After Meigs left active military service, he was a professor at the Maxwell School at Syracuse University and served as a military consultant to The Pentagon. In 2008 he returned to NBC News as a military consultant.

In December 2007, Meigs left his previous position as the director of the United States Department of Defense's Joint Improvised Explosive Device Defeat Organization (JIEDDO).
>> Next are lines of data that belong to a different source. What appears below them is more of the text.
lemma Frobenius_fixed_imp_of_nat:
  fixes x :: "'a::{finite,field}"
  assumes "x ^ CHAR('a) = x"
  shows "x \<in> range (of_nat :: nat \<Rightarrow> 'a)"
proof -
  let ?p = "CHAR('a)"
  have p: "?p \<ge> 2"
    using prime_CHAR_finite_field prime_ge_2_nat by blast
  define f :: "'a poly" where "f = monom 1 ?p - monom 1 1"
  have "coeff f ?p = 1"
    using p by (simp add: f_def)
  moreover have "degree f \<le> ?p"
    unfolding f_def by (intro degree_diff_le) (use p in \<open>auto simp: degree_monom_le degree_monom_eq\<close>)
  ultimately have "card {x. poly f x = 0} \<le> ?p"
    using card_poly_roots_bound[of f] by fastforce
  moreover have "{x. poly f x = 0} = {x::'a. x ^ ?p = x}"
    by (auto simp: f_def poly_monom)
  ultimately have card_fixed: "card {x::'a. x ^ ?p = x} \<le> ?p"
    by simp
  have "(of_nat k :: 'a) ^ ?p = of_nat k" for k
    by (induction k) (use p in \<open>simp_all add: Frobenius_add\<close>)
  hence sub: "of_nat ` {..<?p} \<subseteq> {x::'a. x ^ ?p = x}"
    by auto
  have "inj_on (of_nat :: nat \<Rightarrow> 'a) {..<?p}"
    by (rule inj_onI) (auto simp: of_nat_eq_iff_cong_CHAR cong_def)
  hence "card (of_nat ` {..<?p} :: 'a set) = ?p"
    by (simp add: card_image)
  hence "of_nat ` {..<?p} = {x::'a. x ^ ?p = x}"
    using card_fixed sub by (simp add: card_seteq)
  thus ?thesis
    using assms by auto
qed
He was a visiting professor of Strategy and Military Operations at Georgetown University's School of Foreign Service and held positions at Mitre Corporation, International Executive Service Corps, and the LBJ School of Public Affairs at The University of Texas at Austin.

From 1 January 2010 to 25 July 2013, Meigs served as president and chief executive officer of Business Executives for National Security (BENS), a nonprofit composed of senior business executives who volunteer to help address national security challenges.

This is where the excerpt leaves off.